» **WHAT THE TASK ASKS**
Every line in the data below from the one containing "x1, x2) \<Rightarrow>" down to the one containing "A = (\<integral>w.", both included, must be retyped exactly; no other line is to appear.

» **Dataset entries**
***
(* Consider Configuration III (two agents in mutual beacon-referenced pursuit, each referencing its own beacon, with $b>0$) with parameters $\mu>0$, $\lambda\in(0,1)$, $a\in[-1,1]$ and $a_0=0$. A circling equilibrium exists if and only if $a<0$, and at a circling equilibrium the shape variables satisfy $$\bar x_1=\bar x_2=0,\ \bar x_{1b1}=\bar x_{2b2}=0,\ \hat x_1=\hat x_2=0,\ \tilde x=-1,\ \rho=\frac{2}{(1-\lambda)\mu(-a)},\ \hat r_1=\hat r_2,\ \rho_{1b1}^2-\rho_{2b2}^2-2\hat r_1=0.$$
   Context: Two-agent setup: beacons $\mathbf r_{b1}=(0,0,-b)$, $\mathbf r_{b2}=(0,0,b)$ with $b\ge0$, $\hat{\mathbf b}=\mathbf r_{b2}-\mathbf r_{b1}=(0,0,2b)$. Agents $i=1,2$ have positions $\mathbf r_i\in\mathbb R^3$ and unit velocities $\mathbf x_i$. Let $\mathbf r=\mathbf r_1-\mathbf r_2$, $\mathbf r_{1b1}=\mathbf r_1-\mathbf r_{b1}$, $\mathbf r_{2b2}=\mathbf r_2-\mathbf r_{b2}$, $\rho=|\mathbf r|$, $\rho_{1b1}=|\mathbf r_{1b1}|$, $\rho_{2b2}=|\mathbf r_{2b2}|$, $\bar x_1=\mathbf x_1\cdot\mathbf r/\rho$, $\bar x_2=-\mathbf x_2\cdot\mathbf r/\rho$, $\bar x_{1b1}=\mathbf x_1\cdot\mathbf r_{1b1}/\rho_{1b1}$, $\bar x_{2b2}=\mathbf x_2\cdot\mathbf r_{2b2}/\rho_{2b2}$, $\tilde x=\mathbf x_1\cdot\mathbf x_2$, $\hat r_i=\mathbf r_i\cdot\hat{\mathbf b}$, $\hat x_i=\mathbf x_i\cdot\hat{\mathbf b}$. With gain $\mu>0$, weight $\lambda\in(0,1)$, common agent-bearing parameter $a\in[-1,1]$ and common beacon-bearing parameter $a_0\in[-1,1]$, the closed-loop dynamics are $\dot{\mathbf r}_i=\mathbf x_i$ and $$\dot{\mathbf x}_1=-(1-\lambda)\mu(\bar x_1-a)\Bigl(\tfrac{\mathbf r}{\rho}-\bar x_1\mathbf x_1\Bigr)-\lambda\mu(\bar x_{1b1}-a_0)\Bigl(\tfrac{\mathbf r_{1b1}}{\rho_{1b1}}-\bar x_{1b1}\mathbf x_1\Bigr),$$ $$\dot{\mathbf x}_2=-(1-\lambda)\mu(\bar x_2-a)\Bigl(-\tfrac{\mathbf r}{\rho}-\bar x_2\mathbf x_2\Bigr)-\lambda\mu(\bar x_{2b2}-a_0)\Bigl(\tfrac{\mathbf r_{2b2}}{\rho_{2b2}}-\bar x_{2b2}\mathbf x_2\Bigr).$$ The shape variables $(\bar x_1,\bar x_2,\bar x_{1b1},\bar x_{2b2},\tilde x,\rho,\rho_{1b1},\rho_{2b2},\hat r_1,\hat r_2,\hat x_1,\hat x_2)$ have time derivatives along this flow that depend only on the shape variables. A circling equilibrium is a state with $\rho,\rho_{1b1},\rho_{2b2}>0$ at which the time derivatives of all shape variables vanish. Configuration III is the case $b>0$ (two distinct beacons). *)

theory Defs
  imports "HOL-Analysis.Analysis"
begin

text \<open>State of the two-agent system: (r1, r2, x1, x2), positions and (unit) velocities in R^3.\<close>
type_synonym state = "(real^3) \<times> (real^3) \<times> (real^3) \<times> (real^3)"

definition beacon1 :: "real \<Rightarrow> real^3" where
  "beacon1 b = vector [0, 0, - b]"

definition beacon2 :: "real \<Rightarrow> real^3" where
  "beacon2 b = vector [0, 0, b]"

definition bhat :: "real \<Rightarrow> real^3" where
  "bhat b = beacon2 b - beacon1 b"

definition field :: "real \<Rightarrow> real \<Rightarrow> real \<Rightarrow> real \<Rightarrow> real \<Rightarrow> state \<Rightarrow> state" where
  "field mu lam a a0 b s = (case s of (r1, r2, x1, x2) \<Rightarrow>
     (let r = r1 - r2; rho = norm r;
          r1b1 = r1 - beacon1 b; rho1b1 = norm r1b1;
          r2b2 = r2 - beacon2 b; rho2b2 = norm r2b2;
          xb1 = (x1 \<bullet> r) / rho; xb2 = - (x2 \<bullet> r) / rho;
          xb1b1 = (x1 \<bullet> r1b1) / rho1b1; xb2b2 = (x2 \<bullet> r2b2) / rho2b2;
          dx1 = - ((1 - lam) * mu * (xb1 - a)) *\<^sub>R ((1 / rho) *\<^sub>R r - xb1 *\<^sub>R x1)
                - (lam * mu * (xb1b1 - a0)) *\<^sub>R ((1 / rho1b1) *\<^sub>R r1b1 - xb1b1 *\<^sub>R x1);
          dx2 = - ((1 - lam) * mu * (xb2 - a)) *\<^sub>R (- (1 / rho) *\<^sub>R r - xb2 *\<^sub>R x2)
                - (lam * mu * (xb2b2 - a0)) *\<^sub>R ((1 / rho2b2) *\<^sub>R r2b2 - xb2b2 *\<^sub>R x2)
      in (x1, x2, dx1, dx2)))"
definition Xv :: "'n outcome \<Rightarrow> real" where "Xv w = (if fst w then 1 else 0)"
definition Yv :: "'n outcome \<Rightarrow> real" where "Yv w = fst (snd w)"
definition Nv :: "'n outcome \<Rightarrow> 'n" where "Nv w = snd (snd w)"

definition ex :: "'a measure \<Rightarrow> ('a \<Rightarrow> real) \<Rightarrow> real" where
  "ex P f = (\<integral>w. f w \<partial>P)"

text \<open>Conditional expectation given an event: E[f 1_A]/Pr(A) (0 if Pr(A) = 0).\<close>
definition cexp :: "'a measure \<Rightarrow> ('a \<Rightarrow> real) \<Rightarrow> 'a set \<Rightarrow> real" where
  "cexp P f A = (\<integral>w. indicator A w * f w \<partial>P) / measure P A"

definition var :: "'a measure \<Rightarrow> ('a \<Rightarrow> real) \<Rightarrow> real" where
  "var P f = ex P (\<lambda>w. (f w - ex P f)\<^sup>2)"

definition cov :: "'a measure \<Rightarrow> ('a \<Rightarrow> real) \<Rightarrow> ('a \<Rightarrow> real) \<Rightarrow> real" where
  "cov P f g = ex P (\<lambda>w. (f w - ex P f) * (g w - ex P g))"

definition ccov :: "'a measure \<Rightarrow> ('a \<Rightarrow> real) \<Rightarrow> ('a \<Rightarrow> real) \<Rightarrow> 'a set \<Rightarrow> real" where
  "ccov P f g A = cexp P (\<lambda>w. (f w - cexp P f A) * (g w - cexp P g A)) A"

definition pN :: "'n outcome measure \<Rightarrow> 'n \<Rightarrow> real" where
  "pN P n = measure P {w. Nv w = n}"
definition XN :: "'n outcome measure \<Rightarrow> 'n \<Rightarrow> real" where
  "XN P n = cexp P Xv {w. Nv w = n}"
definition YN :: "'n outcome measure \<Rightarrow> 'n \<Rightarrow> real" where
  "YN P n = cexp P Yv {w. Nv w = n}"

definition XNrv :: "'n outcome measure \<Rightarrow> 'n outcome \<Rightarrow> real" where
  "XNrv P w = XN P (Nv w)"
definition YNrv :: "'n outcome measure \<Rightarrow> 'n outcome \<Rightarrow> real" where
  "YNrv P w = YN P (Nv w)"

definition joint_law :: "('n::finite) outcome measure \<Rightarrow> bool" where
  "joint_law P \<longleftrightarrow> prob_space P \<and>
     sets P = sets (count_space UNIV \<Otimes>\<^sub>M (borel \<Otimes>\<^sub>M count_space UNIV)) \<and>
     integrable P Yv"
(* $\pi(e_{n,1}^{(n)})=\pi(z)$ and $\pi(f_{n,1}^{(n)})=\pi(H_0)$.
   Context: Let $\mathfrak g=Q(n)$ with even basis $e_{i,j}$, odd basis $f_{i,j}$, $z=\sum_ie_{i,i}$, $H_0=\sum_{i=1}^{n}(-1)^{i-1}f_{i,i}$. Let $\chi(x)=\mathrm{otr}(xE)$ with $E=\sum_{i=1}^{n-1}f_{i,i+1}$, $\mathfrak m$ spanned by $e_{i,j},f_{i,j}$ ($i>j$), $\chi(e_{i+1,i})=1$ and $\chi=0$ on the other basis vectors of $\mathfrak m$, $I_\chi$ the left ideal of $U(\mathfrak g)$ generated by $a-\chi(a)$ ($a\in\mathfrak m$), and $\pi:U(\mathfrak g)\to U(\mathfrak g)/I_\chi$ the projection. Sergeev's elements: $e_{i,j}^{(1)}=e_{i,j}$, $f_{i,j}^{(1)}=f_{i,j}$, $e_{i,j}^{(m)}=\sum_k e_{i,k}e_{k,j}^{(m-1)}+(-1)^{m+1}\sum_k f_{i,k}f_{k,j}^{(m-1)}$, $f_{i,j}^{(m)}=\sum_k e_{i,k}f_{k,j}^{(m-1)}+(-1)^{m+1}\sum_k f_{i,k}e_{k,j}^{(m-1)}$. *)

theory Defs
  imports Complex_Main "HOL-Library.Function_Algebras"
begin

(* Generators of Q(n): E i j = e_{i,j} (even), F i j = f_{i,j} (odd). *)
datatype qgen = E nat nat | F nat nat

fun qodd :: "qgen \<Rightarrow> bool" where
  "qodd (E i j) = False" | "qodd (F i j) = True"

definition qbasis :: "nat \<Rightarrow> qgen set" where
  "qbasis n = {E i j | i j. 1 \<le> i \<and> i \<le> n \<and> 1 \<le> j \<and> j \<le> n}
            \<union> {F i j | i j. 1 \<le> i \<and> i \<le> n \<and> 1 \<le> j \<and> j \<le> n}"

(* Tensor algebra T(Q(n)) over C: noncommutative polynomials, represented as
   coefficient functions on words; addition/subtraction are pointwise
   (Function_Algebras), multiplication is concatenation-convolution tmul. *)
type_synonym talg = "qgen list \<Rightarrow> complex"

definition tmul :: "talg \<Rightarrow> talg \<Rightarrow> talg" (infixl "\<otimes>" 70) where
  "p \<otimes> q = (\<lambda>w. \<Sum>k\<le>length w. p (take k w) * q (drop k w))"

definition tsc :: "complex \<Rightarrow> talg \<Rightarrow> talg" where
  "tsc c p = (\<lambda>w. c * p w)"

definition mono :: "qgen list \<Rightarrow> talg" where
  "mono u = (\<lambda>w. if w = u then 1 else 0)"
definition w_opt :: "nat \<Rightarrow> nat \<Rightarrow> (nat \<Rightarrow> nat \<Rightarrow> nat \<Rightarrow> real) \<Rightarrow> (nat \<Rightarrow> nat \<Rightarrow> nat \<Rightarrow> real) \<Rightarrow> real \<Rightarrow> nat \<Rightarrow> nat \<Rightarrow> real" where
  "w_opt S A p r \<beta> t s = - exp (- \<beta> * v_opt S A p r \<beta> t s)"

definition w_inf :: "nat \<Rightarrow> (nat \<Rightarrow> nat \<Rightarrow> nat \<Rightarrow> real) \<Rightarrow> (nat \<Rightarrow> nat \<Rightarrow> nat \<Rightarrow> real) \<Rightarrow> real \<Rightarrow> (nat \<Rightarrow> nat \<Rightarrow> nat) \<Rightarrow> nat \<Rightarrow> ereal" where
  "w_inf S p r \<beta> \<pi> s = liminf (\<lambda>t. ereal (w_fin S p r \<beta> \<pi> t s))"

definition w_inf_opt :: "nat \<Rightarrow> nat \<Rightarrow> (nat \<Rightarrow> nat \<Rightarrow> nat \<Rightarrow> real) \<Rightarrow> (nat \<Rightarrow> nat \<Rightarrow> nat \<Rightarrow> real) \<Rightarrow> real \<Rightarrow> nat \<Rightarrow> ereal" where
  "w_inf_opt S A p r \<beta> s = liminf (\<lambda>t. ereal (w_opt S A p r \<beta> t s))"

(* randomized decision rule d s a = probability of action a in state s;
   the deterministic rule d corresponds to det_rule d *)
definition det_rule :: "(nat \<Rightarrow> nat) \<Rightarrow> nat \<Rightarrow> nat \<Rightarrow> real" where
  "det_rule d = (\<lambda>s a. if a = d s then 1 else 0)"

definition Bmat :: "nat \<Rightarrow> nat \<Rightarrow> (nat \<Rightarrow> nat \<Rightarrow> nat \<Rightarrow> real) \<Rightarrow> (nat \<Rightarrow> nat \<Rightarrow> nat \<Rightarrow> real) \<Rightarrow> real \<Rightarrow> (nat \<Rightarrow> nat \<Rightarrow> real) \<Rightarrow> nat \<Rightarrow> nat \<Rightarrow> real" where
  "Bmat S A p r \<beta> dr s s' = (\<Sum>a\<in>{1..A}. p s a s' * dr s a * exp (- \<beta> * r s a s'))"

definition bvec :: "nat \<Rightarrow> nat \<Rightarrow> (nat \<Rightarrow> nat \<Rightarrow> nat \<Rightarrow> real) \<Rightarrow> (nat \<Rightarrow> nat \<Rightarrow> nat \<Rightarrow> real) \<Rightarrow> real \<Rightarrow> (nat \<Rightarrow> nat \<Rightarrow> real) \<Rightarrow> nat \<Rightarrow> real" where
  "bvec S A p r \<beta> dr s = (\<Sum>a\<in>{1..A}. p s a (Suc S) * dr s a * exp (- \<beta> * r s a (Suc S)))"

definition L_op :: "nat \<Rightarrow> nat \<Rightarrow> (nat \<Rightarrow> nat \<Rightarrow> nat \<Rightarrow> real) \<Rightarrow> (nat \<Rightarrow> nat \<Rightarrow> nat \<Rightarrow> real) \<Rightarrow> real \<Rightarrow> (nat \<Rightarrow> nat \<Rightarrow> real) \<Rightarrow> (nat \<Rightarrow> real) \<Rightarrow> nat \<Rightarrow> real" where
  "L_op S A p r \<beta> dr w s = (\<Sum>s'\<in>{1..S}. Bmat S A p r \<beta> dr s s' * w s') - bvec S A p r \<beta> dr s"

end

theory Submission
  imports Defs
begin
***
» **SOLUTION TO THE EXERCISE**
  "field mu lam a a0 b s = (case s of (r1, r2, x1, x2) \<Rightarrow>
     (let r = r1 - r2; rho = norm r;
          r1b1 = r1 - beacon1 b; rho1b1 = norm r1b1;
          r2b2 = r2 - beacon2 b; rho2b2 = norm r2b2;
          xb1 = (x1 \<bullet> r) / rho; xb2 = - (x2 \<bullet> r) / rho;
          xb1b1 = (x1 \<bullet> r1b1) / rho1b1; xb2b2 = (x2 \<bullet> r2b2) / rho2b2;
          dx1 = - ((1 - lam) * mu * (xb1 - a)) *\<^sub>R ((1 / rho) *\<^sub>R r - xb1 *\<^sub>R x1)
                - (lam * mu * (xb1b1 - a0)) *\<^sub>R ((1 / rho1b1) *\<^sub>R r1b1 - xb1b1 *\<^sub>R x1);
          dx2 = - ((1 - lam) * mu * (xb2 - a)) *\<^sub>R (- (1 / rho) *\<^sub>R r - xb2 *\<^sub>R x2)
                - (lam * mu * (xb2b2 - a0)) *\<^sub>R ((1 / rho2b2) *\<^sub>R r2b2 - xb2b2 *\<^sub>R x2)
      in (x1, x2, dx1, dx2)))"
definition Xv :: "'n outcome \<Rightarrow> real" where "Xv w = (if fst w then 1 else 0)"
definition Yv :: "'n outcome \<Rightarrow> real" where "Yv w = fst (snd w)"
definition Nv :: "'n outcome \<Rightarrow> 'n" where "Nv w = snd (snd w)"

definition ex :: "'a measure \<Rightarrow> ('a \<Rightarrow> real) \<Rightarrow> real" where
  "ex P f = (\<integral>w. f w \<partial>P)"

text \<open>Conditional expectation given an event: E[f 1_A]/Pr(A) (0 if Pr(A) = 0).\<close>
definition cexp :: "'a measure \<Rightarrow> ('a \<Rightarrow> real) \<Rightarrow> 'a set \<Rightarrow> real" where
  "cexp P f A = (\<integral>w. indicator A w * f w \<partial>P) / measure P A"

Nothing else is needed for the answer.